In 1963, Kabir was confirmed as Magajin Gari, the district head of Katsina metropolis, a title held previously by his father when his grandfather was emir. The same year, Kabir was elected as a member of the House of Assembly, Kaduna. He became a parliamentary secretary in the premier Ahmadu Bello's office in Kaduna in 1965. After the Military coup in 1966, Kabir returned to Katsina and continued to serve as Magajin Gari.

Being the Magajin Gari made Kabir very close to his father, he accompanied Nagogo to national conferences and meetings, and sometimes representing him in functions. Kabir also accompanied his father on international visits.

==Succession as Emir==
On 18 March 1981, Usman Nagogo died, and the Katsina king-makers chose Kabir to succeed him, being close to his father as magajin Gari, and being his second eldest son (the eldest, Ibrahim Ladan-fari having predeceased Nagogo).
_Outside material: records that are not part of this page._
lemma dd_triangle: "dd \<pi> a c \<le> dd \<pi> a b + dd \<pi> b c"
proof (induction "a + b + c" arbitrary: a b c rule: less_induct)
  case less
  show ?case
  proof (cases "a = 0 \<or> b = 0 \<or> c = 0")
    case True
    then show ?thesis
      using dd_nonneg[of a b] dd_nonneg[of b c] dd_le_1[of a c] dd_nonneg[of a c]
      by (auto simp: dd_0_left dd_0_right)
  next
    case False
    then obtain a' b' c' where abc: "a = Suc a'" "b = Suc b'" "c = Suc c'"
      by (metis not0_implies_Suc)
    have smaller: "dd \<pi> i k \<le> dd \<pi> i j + dd \<pi> j k" if "i \<le> a'" "j \<le> b'" "k \<le> c'" for i j k
      using less that abc by simp
    have glued: "dd \<pi> a c \<le> transport_cost (dd \<pi>) a' b' z1 + transport_cost (dd \<pi>) b' c' z2"
      if z: "z1 \<in> couplings \<pi> a' b'" "z2 \<in> couplings \<pi> b' c'" for z1 z2
    proof -
      obtain u where "u \<in> couplings \<pi> a' c'"
        and "transport_cost (dd \<pi>) a' c' u
          \<le> transport_cost (dd \<pi>) a' b' z1 + transport_cost (dd \<pi>) b' c' z2"
        using coupling_composition[where C = "dd \<pi>", OF z[unfolded mem_couplings_iff] smaller]
        unfolding mem_couplings_iff by blast
      then show ?thesis using dd_le_cost abc by (meson order_trans)
    qed
    have "dd \<pi> a c - transport_cost (dd \<pi>) b' c' z2 \<le> dd \<pi> (Suc a') (Suc b')"
      if "z2 \<in> couplings \<pi> b' c'" for z2
      by (rule dd_greatest) (use glued that in force)
    then have "dd \<pi> a c - dd \<pi> a b \<le> dd \<pi> (Suc b') (Suc c')"
      using abc by (intro dd_greatest) force
    then show ?thesis using abc by simp
  qed
qed
lemma vandermonde_decrement:
  assumes "inj_on x {..<v}" "i < v"
  shows "vandermonde v (x(i := x i - 1)) = vandermonde v x * interp_weight v x i"
proof -
  define P where "P = (\<Prod>j\<in>{..<v} - {i}. (x i - x j))"
  define R where "R = (\<Prod>j\<in>{..<v} - {i}. (x i - 1 - x j))"
  have "P \<noteq> 0"
    using assms unfolding P_def inj_on_def by auto
  then have "vandermonde v (x(i := x i - 1)) = vandermonde v x * (R / P)"
    using vandermonde_upd[OF assms(2), of x "x i - 1"] unfolding P_def[symmetric] R_def[symmetric]
    by (simp add: field_simps)
  also have "R / P = interp_weight v x i"
    unfolding interp_weight_def R_def P_def prod_dividef[symmetric]
    by (intro prod.cong refl) (simp add: algebra_simps)
  finally show ?thesis .
qed

text \<open>A partition with at most v parts is given by its row lengths c 0, ..., c (v - 1);
  the values of c beyond v are irrelevant.\<close>

definition young_cells :: "nat \<Rightarrow> (nat \<Rightarrow> nat) \<Rightarrow> (nat \<times> nat) set" where
  "young_cells v c = {(i, j). i < v \<and> j < c i}"

definition young_size :: "nat \<Rightarrow> (nat \<Rightarrow> nat) \<Rightarrow> nat" where
  "young_size v c = (\<Sum>i<v. c i)"

definition is_partition :: "nat \<Rightarrow> (nat \<Rightarrow> nat) \<Rightarrow> bool" where
  "is_partition v c \<longleftrightarrow> (\<forall>i. Suc i < v \<longrightarrow> c (Suc i) \<le> c i)"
The then Governor of Kaduna State, which Katsina was part of then, Abdulkadir Balarabe Musa, refused to approve the choice. This led to a deadlock that lasted until the Governor was impeached by the State house of assembly in June 1981. Balarabe Musa's successor, Abba Musa Rimi, later approved and Kabir was Turbaned at Katsina's Kangiwa square. His official installation was done on 20 February 1982 at Katsina Polo Ground.

==Reign==
Kabir's reign was characterized by his down to earth nature. Kabir was well educated and knew the Qur'an well, he was therefore considered both as an emir and an Islamic scholar, and was known to have written whole copies of the Qur'an with his hand. Kabir was known by the epithet "Limamin Sarakuna dan Shehu" (The imam of emirs, the son of Shehu). Kabir also created new districts in the emirate during his reign.
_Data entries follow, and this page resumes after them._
definition last_span :: "((nat \<times> nat) list \<Rightarrow> (nat \<times> nat) list \<Rightarrow> bool) \<Rightarrow> (nat \<times> nat) list \<Rightarrow> 'v set" where
  "last_span R L = V.span {last_vec L' | L'. last_letters L' \<and> R L L'}"

lemma subspace_last_span: "V.subspace (last_span R L)"
  by (simp add: last_span_def)

lemma zero_in_last_span: "0 \<in> last_span R L"
  by (simp add: last_span_def V.span_zero)

lemma last_vec_in_last_span: "last_letters L' \<Longrightarrow> R L L' \<Longrightarrow> last_vec L' \<in> last_span R L"
  and smult_last_vec_in_last_span: "last_letters L' \<Longrightarrow> R L L' \<Longrightarrow> smult c (last_vec L') \<in> last_span R L"
  unfolding last_span_def by (blast intro: V.span_base V.span_scale)+

lemma last_span_into:
  assumes "v \<in> last_span R L" "Vector_Spaces.linear smult smult f" "V.subspace T"
    and "\<And>L'. last_letters L' \<Longrightarrow> R L L' \<Longrightarrow> f (last_vec L') \<in> T"
  shows "f v \<in> T"
  using assms(1) unfolding last_span_def
  by (rule linear_into_subspace[OF assms(2,3), rotated]) (use assms(4) in blast)

lemma last_span_subset:
  assumes "v \<in> last_span R L" "V.subspace T" "\<And>L'. last_letters L' \<Longrightarrow> R L L' \<Longrightarrow> last_vec L' \<in> T"
  shows "v \<in> T"
  using last_span_into[OF assms(1) V.linear_id assms(2)] assms(3) by simp

lemma act_last_vec_last_span:
  assumes x: "x \<in> sp r"
    and R_Cons: "\<And>L L' k a. R L L' \<Longrightarrow> R ((k, a) # L) ((k, a) # L')"
    and base: "\<And>s. act x s w \<in> last_span R []"
    and bracket: "\<And>L k a s. 1 \<le> k \<Longrightarrow> k \<le> r \<Longrightarrow> last_letters L \<Longrightarrow>
      act (bracket r x (xm_last r k)) (s + a) (last_vec L) \<in> last_span R ((k, a) # L)"
    and "last_letters L"
  shows "act x s (last_vec L) \<in> last_span R L"
proof (rule act_last_vec_induct[OF x subspace_last_span base _ bracket \<open>last_letters L\<close>])
  fix L k a v
  assume k: "1 \<le> k" "k \<le> r" and v: "v \<in> last_span R L"
  show "act (xm_last r k) a v \<in> last_span R ((k, a) # L)"
  proof (rule last_span_into[OF v act_linear[OF sp_xm_last[OF k]] subspace_last_span])
    fix L'
    assume "last_letters L'" "R L L'"
    then show "act (xm_last r k) a (last_vec L') \<in> last_span R ((k, a) # L)"
      using last_vec_in_last_span[of "(k, a) # L'" R "(k, a) # L"] k R_Cons by simp
  qed
qed
(* Let $C_e:=\min\{\tfrac12(\rho/\bar v)^2,\ \tfrac{\sqrt2}{4}(\rho/\bar v)\}$. Under partial information feedback, for any $t\ge2$, the OGD-CB algorithm guarantees $|\mathcal I_t|\ge C_e\,(t-1)$.
   Context: Model: constants $\bar v>0$, $\rho\in(0,\bar v]$; $T$ rounds; budget $B=\rho T$. Round $t$: value $v_t\in[0,\bar v]$, highest competing bid $p_t\in[0,\bar v]$; buyer picks $x_t\in\{0,1\}$, pays $x_tc_t$ with $c_t=p_t\mathbf 1[v_t\ge p_t]$. Partial information feedback: $p_t$ is observed at the end of round $t$ only if $x_t=1$. OGD-CB algorithm: $\mathcal I_1=\emptyset$, $B_1=B$, $\lambda_1=0$. For $t=1,\dots,T$: observe $v_t$. If $t=1$: $x_1=1$, $\lambda_2=\lambda_1$. Otherwise: $\epsilon_t=\sqrt{(\ln 2+2\ln T)/(2|\mathcal I_t|)}$; $\tilde r_t(v)=\frac1{|\mathcal I_t|}\sum_{\tau\in\mathcal I_t}(v-p_\tau)^++\epsilon_tv$; $\tilde c_t(v)=\frac1{|\mathcal I_t|}\sum_{\tau\in\mathcal I_t}p_\tau\mathbf 1[v\ge p_\tau]-2\epsilon_tv$; $x_t=\mathbf 1[\tilde r_t(v_t)\ge\lambda_t\tilde c_t(v_t)]$; $\eta_t=1/(\bar v\sqrt t)$; $\lambda_{t+1}=(\lambda_t+\eta_t(x_t\tilde c_t(v_t)-\rho))^+$. If $x_t=1$, observe $p_t$ and set $\mathcal I_{t+1}=\mathcal I_t\cup\{t\}$, else $\mathcal I_{t+1}=\mathcal I_t$. Set $B_{t+1}=B_t-x_tc_t$; if $B_{t+1}<\bar v$, stop. *)

theory Defs
  imports Complex_Main
begin

text \<open>Parameters: vb (= \<bar>v), rho, horizon T, value sequence v, highest competing bid sequence p
  (rounds indexed 1..T).  The state after n rounds is the state at the beginning of round n+1.\<close>

record ogd_state =
  ogd_I :: "nat set"      \<comment> \<open>index set I_t of rounds in which we won (and observed p)\<close>
  ogd_B :: real
  ogd_lam :: real
  ogd_stopped :: bool

definition ogd_eps :: "nat \<Rightarrow> nat \<Rightarrow> real" where
  "ogd_eps T n = sqrt ((ln 2 + 2 * ln (real T)) / (2 * real n))"

definition ogd_rtilde :: "nat \<Rightarrow> (nat \<Rightarrow> real) \<Rightarrow> nat set \<Rightarrow> real \<Rightarrow> real" where
  "ogd_rtilde T p I x = (1 / real (card I)) * (\<Sum>\<tau>\<in>I. max (x - p \<tau>) 0) + ogd_eps T (card I) * x"

definition ogd_ctilde :: "nat \<Rightarrow> (nat \<Rightarrow> real) \<Rightarrow> nat set \<Rightarrow> real \<Rightarrow> real" where
  "ogd_ctilde T p I x = (1 / real (card I)) * (\<Sum>\<tau>\<in>I. if x \<ge> p \<tau> then p \<tau> else 0)
      - 2 * ogd_eps T (card I) * x"

definition ogd_cost :: "(nat \<Rightarrow> real) \<Rightarrow> (nat \<Rightarrow> real) \<Rightarrow> nat \<Rightarrow> real" where
  "ogd_cost v p t = (if v t \<ge> p t then p t else 0)"

definition ogd_eta :: "real \<Rightarrow> nat \<Rightarrow> real" where
  "ogd_eta vb t = 1 / (vb * sqrt (real t))"

fun ogd_run :: "real \<Rightarrow> real \<Rightarrow> nat \<Rightarrow> (nat \<Rightarrow> real) \<Rightarrow> (nat \<Rightarrow> real) \<Rightarrow> nat \<Rightarrow> ogd_state" where
  "ogd_run vb rho T v p 0 = \<lparr>ogd_I = {}, ogd_B = rho * real T, ogd_lam = 0, ogd_stopped = False\<rparr>"
| "ogd_run vb rho T v p (Suc n) =
    (let s = ogd_run vb rho T v p n; t = Suc n in
     if ogd_stopped s then s else
     let x = (if t = 1 then True
              else ogd_rtilde T p (ogd_I s) (v t) \<ge> ogd_lam s * ogd_ctilde T p (ogd_I s) (v t));
         lam' = (if t = 1 then ogd_lam s
                 else max 0 (ogd_lam s + ogd_eta vb t *
                        ((if x then ogd_ctilde T p (ogd_I s) (v t) else 0) - rho)));
         I' = (if x then insert t (ogd_I s) else ogd_I s);
         B' = ogd_B s - (if x then ogd_cost v p t else 0)
     in \<lparr>ogd_I = I', ogd_B = B', ogd_lam = lam', ogd_stopped = (B' < vb)\<rparr>)"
One of the highlights of Kabir's reign was the creation of Katsina State, comprising Katsina and Daura emirates, out of the then Kaduna State. Kabir also demolished the famous Masallacin Dutsi, which was built by his grandfather Muhammadu Dikko in 1935, and constructed the Katsina central mosque which is still in use today.
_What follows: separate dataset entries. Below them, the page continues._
lemma hermitian_absorbing_factor:
  assumes "ein Js (ein Is X A) (ctrans A) = ctrans A"
  shows "ctrans (ein Is X A) = ein Is X A" and "ein Js A (ein Is X A) = A"
proof -
  let ?M = "ein Is X A"
  have AM: "ein Js A (ctrans ?M) = A"
    using arg_cong[OF assms, of ctrans] by (simp add: ctrans_ein)
  then have "?M = ein Js ?M (ctrans ?M)"
    by (simp add: ein_assoc)
  then show hermitian: "ctrans ?M = ?M"
    by (metis ctrans_ctrans ctrans_ein)
  show "ein Js A ?M = A"
    using AM by (simp add: hermitian)
qed

definition penrose :: "nat list \<Rightarrow> nat list \<Rightarrow> tensor \<Rightarrow> tensor \<Rightarrow> bool" where
  "penrose Is Js A X \<longleftrightarrow>
     ein Is (ein Js A X) A = A \<and> ein Js (ein Is X A) X = X \<and>
     ctrans (ein Js A X) = ein Js A X \<and> ctrans (ein Is X A) = ein Is X A"

lemma penrose_exists:
  assumes A: "A \<in> tensors Is Js"
  obtains Z where "Z \<in> tensors Js Is" and "penrose Is Js A Z"
proof -
  obtain X where X: "X \<in> tensors Js Is" and "ein Js (ein Is X A) (ctrans A) = ctrans A"
    using ex_ein_ein_ctrans_eq_ctrans[OF A] .
  then have hM: "ctrans (ein Is X A) = ein Is X A" and AM: "ein Js A (ein Is X A) = A"
    using hermitian_absorbing_factor by blast+
  obtain V where V: "V \<in> tensors Is Js" and "ein Is (ein Js V (ctrans A)) A = A"
    using ex_ein_ein_ctrans_eq_ctrans[OF ctrans_tensors[OF A]] by auto
  define N where "N = ein Js V (ctrans A)"
  have hN: "ctrans N = N" and "ein Is (ctrans A) N = ctrans A"
    using hermitian_absorbing_factor[of Is Js V "ctrans A"]
      \<open>ein Is (ein Js V (ctrans A)) A = A\<close> by (auto simp: N_def)
  then have NA: "ein Is N A = A"
    by (metis ctrans_ctrans ctrans_ein)
  have N_eq: "N = ein Js A (ctrans V)"
    using hN by (simp add: N_def ctrans_ein)
  define Z where "Z = ein Is X N"
  have AZ: "ein Js A Z = N"
    using AM by (simp add: Z_def N_eq ein_assoc[symmetric])
  have ZA: "ein Is Z A = ein Is X A"
    using NA by (simp add: Z_def ein_assoc)
  show thesis
  proof (rule that)
    show "Z \<in> tensors Js Is"
      unfolding Z_def N_def using X A V by (intro ein_tensors ctrans_tensors)
    show "penrose Is Js A Z"
      unfolding penrose_def by (simp add: AZ ZA hM hN NA ein_assoc Z_def[symmetric])
  qed
qed

lemma penrose_unique:
  assumes X: "penrose Is Js A X" and Y: "penrose Is Js A Y"
  shows "X = Y"
proof -
  have ctrans_A_Y: "ctrans A = ein Is (ctrans A) (ein Js A Y)"
    using Y arg_cong[of _ A ctrans] unfolding penrose_def by (metis ctrans_ein)
  have ctrans_A_X: "ctrans A = ein Js (ein Is X A) (ctrans A)"
    using X arg_cong[of _ A ctrans] unfolding penrose_def by (metis ctrans_ein ein_assoc)
  have X_eq: "X = ein Is X (ein Js (ctrans X) (ctrans A))"
    using X unfolding penrose_def by (metis ctrans_ein ein_assoc)
  have Y_eq: "Y = ein Js (ein Is (ctrans A) (ctrans Y)) Y"
    using Y unfolding penrose_def by (metis ctrans_ein)
  have "X = ein Is X (ein Js (ctrans X) (ein Is (ctrans A) (ein Js A Y)))"
    using X_eq ctrans_A_Y by simp
  also have "\<dots> = ein Is X (ein Js A Y)"
    using X_eq by (simp add: ein_assoc[symmetric])
  also have "\<dots> = ein Js (ein Is X A) (ein Js (ein Is (ctrans A) (ctrans Y)) Y)"
    using Y_eq by (simp add: ein_assoc)
  also have "\<dots> = ein Js (ein Is (ein Js (ein Is X A) (ctrans A)) (ctrans Y)) Y"
    by (simp add: ein_assoc)
  also have "\<dots> = Y"
    using Y_eq ctrans_A_X by simp
  finally show ?thesis .
qed

lemma mp_tensors:
  assumes A: "A \<in> tensors Is Js"
  shows "mp Is Js A \<in> tensors Js Is"
proof -
  obtain Z where Z: "Z \<in> tensors Js Is" "penrose Is Js A Z"
    using penrose_exists[OF A] .
  have "mp Is Js A = Z"
    unfolding mp_def penrose_def[symmetric]
    using Z penrose_unique by blast
  with Z show ?thesis by simp
qed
Like his father and grandfather, Kabir was a Polo enthusiast, having started playing when he was a teenager, and playing well into his sixties. He became the life President of the Nigerian Polo association, and the Emir of Katsina charity shield tournament was held in his honor.

Kabir preached peace and tolerance, and always preached to his subjects to live in peace, he also always tried to remind them of life after death, and God's final judgement. He also received honorary doctorate degrees from the University of Benin, and the Obafemi Awolowo University, Ile-ife, where he served as Chancellor.

==Death and succession==
As he advanced in age, Kabir became frequently ill, and was often flown out of Nigeria for medical check-ups and treatments. His illness rendered him unable to perform the customary traditional Durbar on the two Eid festivals of 2007. Kabir's illness intensified and he died on 8 March 2008 at the age of eighty, he was survived by 3 wives and many children. Kabir was succeeded that same month by his eldest son, Abdulmumin who had served as Magajin Gari.